▶ _What you are asked to do_
Your response should reproduce every line of the entries that contains the word "lemma".

Start of Dataset content

text \<open>A coalition A dominated by S in all prefix counts but not contained in S can be pushed
  one step towards S: let p be the least element of A - S; some s \<in> S - A lies below p, and
  the least element m of A above s can move to m - 1.\<close>

lemma direct_left_shift_towards_dominating:
  assumes A: "A \<subseteq> {1..n}" and S: "S \<subseteq> {1..n}"
    and dom: "\<forall>x. prefix_count A x \<le> prefix_count S x" and "\<not> A \<subseteq> S"
  obtains m where "m \<in> A" "2 \<le> m" "m \<le> n" "m - 1 \<notin> A"
    "\<forall>x. prefix_count (insert (m - 1) (A - {m})) x \<le> prefix_count S x"
proof -
  have finA: "finite A" using A finite_subset by blast
  define p where "p = Min (A - S)"
  have p: "p \<in> A" "p \<notin> S" using Min_in[of "A - S"] finA \<open>\<not> A \<subseteq> S\<close> unfolding p_def by auto
  have below_p: "y \<in> S" if "y \<in> A" "y < p" for y
    using Min_le[of "A - S" y] finA that unfolding p_def by (meson DiffI finite_Diff not_le)
  have fin_below_p: "finite {y\<in>A. y < p}" by (rule finite_subset[of _ "{..<p}"]) auto
  have "{y\<in>A. y \<le> p} = insert p {y\<in>A. y < p}" "{y\<in>S. y \<le> p} = {y\<in>S. y < p}"
    using p by (auto simp: le_less)
  then have "card {y\<in>A. y < p} < card {y\<in>S. y < p}"
    using dom[rule_format, of p] fin_below_p unfolding prefix_count_def by simp
  then have "\<not> {y\<in>S. y < p} \<subseteq> {y\<in>A. y < p}"
    using card_mono[OF fin_below_p] leD by blast
  then obtain s where s: "s \<in> S" "s < p" "s \<notin> A" by blast
  define m where "m = Min {a\<in>A. s < a}"
  have fin_above: "finite {a\<in>A. s < a}" using finA by simp
  have m: "m \<in> A" "s < m" using Min_in[OF fin_above] p s unfolding m_def by auto
  have m_least: "m \<le> a" if "a \<in> A" "s < a" for a
    using Min_le[OF fin_above] that unfolding m_def by simp
  have "1 \<le> s" using s S by auto
  then have m_bounds: "2 \<le> m" "m \<le> n" using m A by auto
  have m1: "m - 1 \<notin> A"
  proof
    assume "m - 1 \<in> A"
    moreover have "s < m - 1" using m s \<open>m - 1 \<in> A\<close> by (cases "m - 1 = s") auto
    ultimately show False using m_least[of "m - 1"] by linarith
  qed
  have "{y\<in>A. y \<le> m - 1} \<subseteq> {y\<in>S. y \<le> m - 1} - {s}"
  proof
    fix y assume y: "y \<in> {y\<in>A. y \<le> m - 1}"
    then have "\<not> s < y" using m_least[of y] by auto
    then have "y < s" using y s by (cases "y = s") auto
    then show "y \<in> {y\<in>S. y \<le> m - 1} - {s}" using y below_p s by auto
  qed
  moreover have "s \<in> {y\<in>S. y \<le> m - 1}" using s m by auto
  ultimately have "prefix_count A (m - 1) < prefix_count S (m - 1)"
    unfolding prefix_count_def
    using card_Diff1_less[OF finite_prefix] card_mono[OF finite_Diff[OF finite_prefix]]
    by (meson le_less_trans)
  moreover have move: "prefix_count (insert (m - 1) (A - {m})) x + (if m \<le> x then 1 else 0)
      = prefix_count A x + (if m - 1 \<le> x then 1 else 0)" for x
    using prefix_count_move[OF m(1) m1] .
  ultimately have "prefix_count (insert (m - 1) (A - {m})) x \<le> prefix_count S x" for x
    using dom[rule_format, of x] move[of x] m_bounds
    by (cases "x = m - 1"; cases "m \<le> x"; cases "m - 1 \<le> x") auto
  then show thesis using that m(1) m_bounds m1 by blast
qed

lemma prefix_count_le_imp_left_shift_subset:
  assumes "A \<subseteq> {1..n}" "S \<subseteq> {1..n}" "\<forall>x. prefix_count A x \<le> prefix_count S x"
  shows "\<exists>T\<subseteq>S. T = A \<or> left_shift n A T"
  using assms
proof (induction "\<Sum>A" arbitrary: A rule: less_induct)
  case less
  show ?case
  proof (cases "A \<subseteq> S")
    case False
    with less.prems obtain m where m: "m \<in> A" "2 \<le> m" "m \<le> n" "m - 1 \<notin> A"
      and dom: "\<forall>x. prefix_count (insert (m - 1) (A - {m})) x \<le> prefix_count S x"
      by (rule direct_left_shift_towards_dominating)
    define A' where "A' = insert (m - 1) (A - {m})"
    have step: "direct_left_shift n A A'"
      unfolding direct_left_shift_def A'_def using m by blast
    have finA: "finite A" using less.prems(1) finite_subset by blast
    have "\<Sum>A' + 1 = \<Sum>A"
      using m finA sum.remove[OF finA m(1), of id] unfolding A'_def by simp
    moreover have "A' \<subseteq> {1..n}" using less.prems(1) m unfolding A'_def by auto
    ultimately obtain T where "T \<subseteq> S" "T = A' \<or> left_shift n A' T"
      using less.hyps less.prems(2) dom unfolding A'_def by (metis less_add_one)
    then show ?thesis
      using step unfolding left_shift_def by (meson tranclp.r_into_trancl tranclp_into_tranclp2)
  qed blast
qed
(* If $G$ is a graph of order $n\ge 7$ having at least one vertex $u$ with $3\le\deg(u)\le n-4$, then $\beta_p(G)\le n-3$.
   Context: All graphs are finite, simple, undirected and connected. For a partition $\Pi=\{S_1,\dots,S_m\}$ of $V(G)$, $r(u|\Pi)=(d(u,S_1),\dots,d(u,S_m))$ with $d(u,S)=\min_{w\in S}d(u,w)$; $\Pi$ is locating if $r(u|\Pi)\ne r(v|\Pi)$ for all distinct $u,v$; $\beta_p(G)$ is the minimum size of a locating partition. *)

theory Defs
  imports Main
begin

definition simple_graph :: "'a set \<Rightarrow> ('a \<Rightarrow> 'a \<Rightarrow> bool) \<Rightarrow> bool" where
  "simple_graph V E \<longleftrightarrow> finite V \<and> V \<noteq> {} \<and>
     (\<forall>u v. E u v \<longrightarrow> u \<in> V \<and> v \<in> V) \<and>
     (\<forall>u v. E u v \<longrightarrow> E v u) \<and> (\<forall>u. \<not> E u u)"

fun is_walk :: "('a \<Rightarrow> 'a \<Rightarrow> bool) \<Rightarrow> 'a list \<Rightarrow> bool" where
  "is_walk E [] = False"
| "is_walk E [x] = True"
| "is_walk E (x # y # xs) = (E x y \<and> is_walk E (y # xs))"

definition walk_between :: "'a set \<Rightarrow> ('a \<Rightarrow> 'a \<Rightarrow> bool) \<Rightarrow> 'a \<Rightarrow> 'a \<Rightarrow> 'a list \<Rightarrow> bool" where
  "walk_between V E u v xs \<longleftrightarrow> is_walk E xs \<and> set xs \<subseteq> V \<and> hd xs = u \<and> last xs = v"

definition connected_graph :: "'a set \<Rightarrow> ('a \<Rightarrow> 'a \<Rightarrow> bool) \<Rightarrow> bool" where
  "connected_graph V E \<longleftrightarrow> simple_graph V E \<and>
     (\<forall>u\<in>V. \<forall>v\<in>V. \<exists>xs. walk_between V E u v xs)"

definition gdist :: "'a set \<Rightarrow> ('a \<Rightarrow> 'a \<Rightarrow> bool) \<Rightarrow> 'a \<Rightarrow> 'a \<Rightarrow> nat" where
  "gdist V E u v = (LEAST k. \<exists>xs. walk_between V E u v xs \<and> length xs = Suc k)"

definition set_dist :: "'a set \<Rightarrow> ('a \<Rightarrow> 'a \<Rightarrow> bool) \<Rightarrow> 'a \<Rightarrow> 'a set \<Rightarrow> nat" where
  "set_dist V E u S = Min ((\<lambda>w. gdist V E u w) ` S)"

definition degree :: "'a set \<Rightarrow> ('a \<Rightarrow> 'a \<Rightarrow> bool) \<Rightarrow> 'a \<Rightarrow> nat" where
  "degree V E u = card {v \<in> V. E u v}"

definition is_partition :: "'a set \<Rightarrow> 'a set set \<Rightarrow> bool" where
  "is_partition V P \<longleftrightarrow> (\<Union>P = V) \<and> {} \<notin> P \<and>
     (\<forall>S\<in>P. \<forall>T\<in>P. S \<noteq> T \<longrightarrow> S \<inter> T = {})"

text \<open>Locating: distinct vertices have distinct representation vectors, i.e. some class
  distinguishes them (the ordering of the classes is irrelevant).\<close>
definition locating_partition :: "'a set \<Rightarrow> ('a \<Rightarrow> 'a \<Rightarrow> bool) \<Rightarrow> 'a set set \<Rightarrow> bool" where
  "locating_partition V E P \<longleftrightarrow> is_partition V P \<and>
     (\<forall>u\<in>V. \<forall>v\<in>V. u \<noteq> v \<longrightarrow>
        (\<exists>S\<in>P. set_dist V E u S \<noteq> set_dist V E v S))"

definition partition_dim :: "'a set \<Rightarrow> ('a \<Rightarrow> 'a \<Rightarrow> bool) \<Rightarrow> nat" where
  "partition_dim V E = (LEAST m. \<exists>P. locating_partition V E P \<and> card P = m)"

end

theory Submission
  imports Defs
begin

text \<open>Let \<open>u\<close> have \<open>k\<close> neighbours and at least \<open>k\<close> non-neighbours other than itself. Matching
  \<open>k\<close> neighbours with \<open>k\<close> non-neighbours into pairs and keeping every other vertex as a
  singleton gives a partition with \<open>n - k\<close> classes. It is locating: vertices in different
  classes are told apart by the class of one of them (distance 0 versus positive), and the
  two vertices of a pair by the singleton \<open>{u}\<close> (distance 1 versus not 1). With
  \<open>3 \<le> deg u \<le> n - 4\<close> one can take \<open>k = 3\<close>.\<close>

lemma gdist_shortest_walk:
  assumes "connected_graph V E" "a \<in> V" "b \<in> V"
  obtains xs where "walk_between V E a b xs" "length xs = Suc (gdist V E a b)"
proof -
  obtain xs where xs: "walk_between V E a b xs"
    using assms unfolding connected_graph_def by blast
  then obtain k where "length xs = Suc k"
    unfolding walk_between_def by (cases xs) auto
  with xs have "\<exists>k xs. walk_between V E a b xs \<and> length xs = Suc k" by blast
  then have "\<exists>xs. walk_between V E a b xs \<and> length xs = Suc (gdist V E a b)"
    unfolding gdist_def by (rule LeastI_ex)
  then show thesis using that by blast
qed

lemma gdist_le_walk:
  assumes "walk_between V E a b xs" "length xs = Suc k"
  shows "gdist V E a b \<le> k"
  unfolding gdist_def using assms by (intro Least_le) blast

lemma gdist_eq_0_iff:
  assumes "connected_graph V E" "a \<in> V" "b \<in> V"
  shows "gdist V E a b = 0 \<longleftrightarrow> a = b"
proof
  assume "gdist V E a b = 0"
  then obtain xs where "walk_between V E a b xs" "length xs = Suc 0"
    using gdist_shortest_walk[OF assms] by metis
  then show "a = b" unfolding walk_between_def by (cases xs) auto
next
  assume "a = b"
  then have "walk_between V E a b [a]" using assms(2) by (simp add: walk_between_def)
  then show "gdist V E a b = 0" using gdist_le_walk[of V E a b "[a]" 0] by simp
qed

lemma gdist_eq_1_iff:
  assumes "connected_graph V E" "a \<in> V" "b \<in> V"
  shows "gdist V E a b = 1 \<longleftrightarrow> E a b"
proof
  assume "gdist V E a b = 1"
  then obtain xs where "walk_between V E a b xs" "length xs = Suc (Suc 0)"
    using gdist_shortest_walk[OF assms] by (metis One_nat_def)
  then show "E a b" unfolding walk_between_def by (auto simp: length_Suc_conv)
next
  assume ab: "E a b"
  then have "a \<noteq> b"
    using assms(1) unfolding connected_graph_def simple_graph_def by blast
  then have "gdist V E a b \<noteq> 0" using gdist_eq_0_iff[OF assms] by blast
  moreover have "walk_between V E a b [a, b]"
    using ab assms(2,3) by (simp add: walk_between_def)
  then have "gdist V E a b \<le> 1" using gdist_le_walk[of V E a b "[a, b]" 1] by simp
  ultimately show "gdist V E a b = 1" by simp
qed

lemma set_dist_singleton: "set_dist V E v {u} = gdist V E v u"
  by (simp add: set_dist_def)

lemma set_dist_eq_0_iff:
  assumes "connected_graph V E" "finite S" "S \<subseteq> V" "S \<noteq> {}" "w \<in> V"
  shows "set_dist V E w S = 0 \<longleftrightarrow> w \<in> S"
proof -
  have "set_dist V E w S \<in> (\<lambda>s. gdist V E w s) ` S"
    unfolding set_dist_def using assms(2,4) by (intro Min_in) auto
  moreover have "w \<in> S \<Longrightarrow> set_dist V E w S \<le> gdist V E w w"
    unfolding set_dist_def using assms(2) by (intro Min_le) auto
  ultimately show ?thesis
    using gdist_eq_0_iff[OF assms(1) assms(5)] assms(3,5) by fastforce
qed

lemma locating_partitionI:
  assumes conn: "connected_graph V E" and part: "is_partition V P"
    and separated: "\<And>S v w. S \<in> P \<Longrightarrow> v \<in> S \<Longrightarrow> w \<in> S \<Longrightarrow> v \<noteq> w \<Longrightarrow>
                       \<exists>T\<in>P. set_dist V E v T \<noteq> set_dist V E w T"
  shows "locating_partition V E P"
  unfolding locating_partition_def
proof (intro conjI part ballI impI)
  fix v w assume vw: "v \<in> V" "w \<in> V" "v \<noteq> w"
  obtain S where S: "S \<in> P" "v \<in> S"
    using part vw(1) unfolding is_partition_def by blast
  show "\<exists>T\<in>P. set_dist V E v T \<noteq> set_dist V E w T"
  proof (cases "w \<in> S")
    case True
    then show ?thesis using separated S vw(3) by blast
  next
    case False
    have "finite V" using conn unfolding connected_graph_def simple_graph_def by blast
    moreover have "S \<subseteq> V" "S \<noteq> {}" using part S unfolding is_partition_def by blast+
    ultimately have "set_dist V E v S = 0" "set_dist V E w S \<noteq> 0"
      using set_dist_eq_0_iff[OF conn, of S] S(2) False vw(1,2) finite_subset by blast+
    then show ?thesis using S(1) by metis
  qed
qed

lemma partition_dim_le:
  assumes "locating_partition V E P"
  shows "partition_dim V E \<le> card P"
  unfolding partition_dim_def using assms by (intro Least_le) blast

End of Dataset content

▶ _Solved problem_
lemma direct_left_shift_towards_dominating:
lemma prefix_count_le_imp_left_shift_subset:
lemma gdist_shortest_walk:
lemma gdist_le_walk:
lemma gdist_eq_0_iff:
lemma gdist_eq_1_iff:
lemma set_dist_singleton: "set_dist V E v {u} = gdist V E v u"
lemma set_dist_eq_0_iff:
lemma locating_partitionI:
lemma partition_dim_le:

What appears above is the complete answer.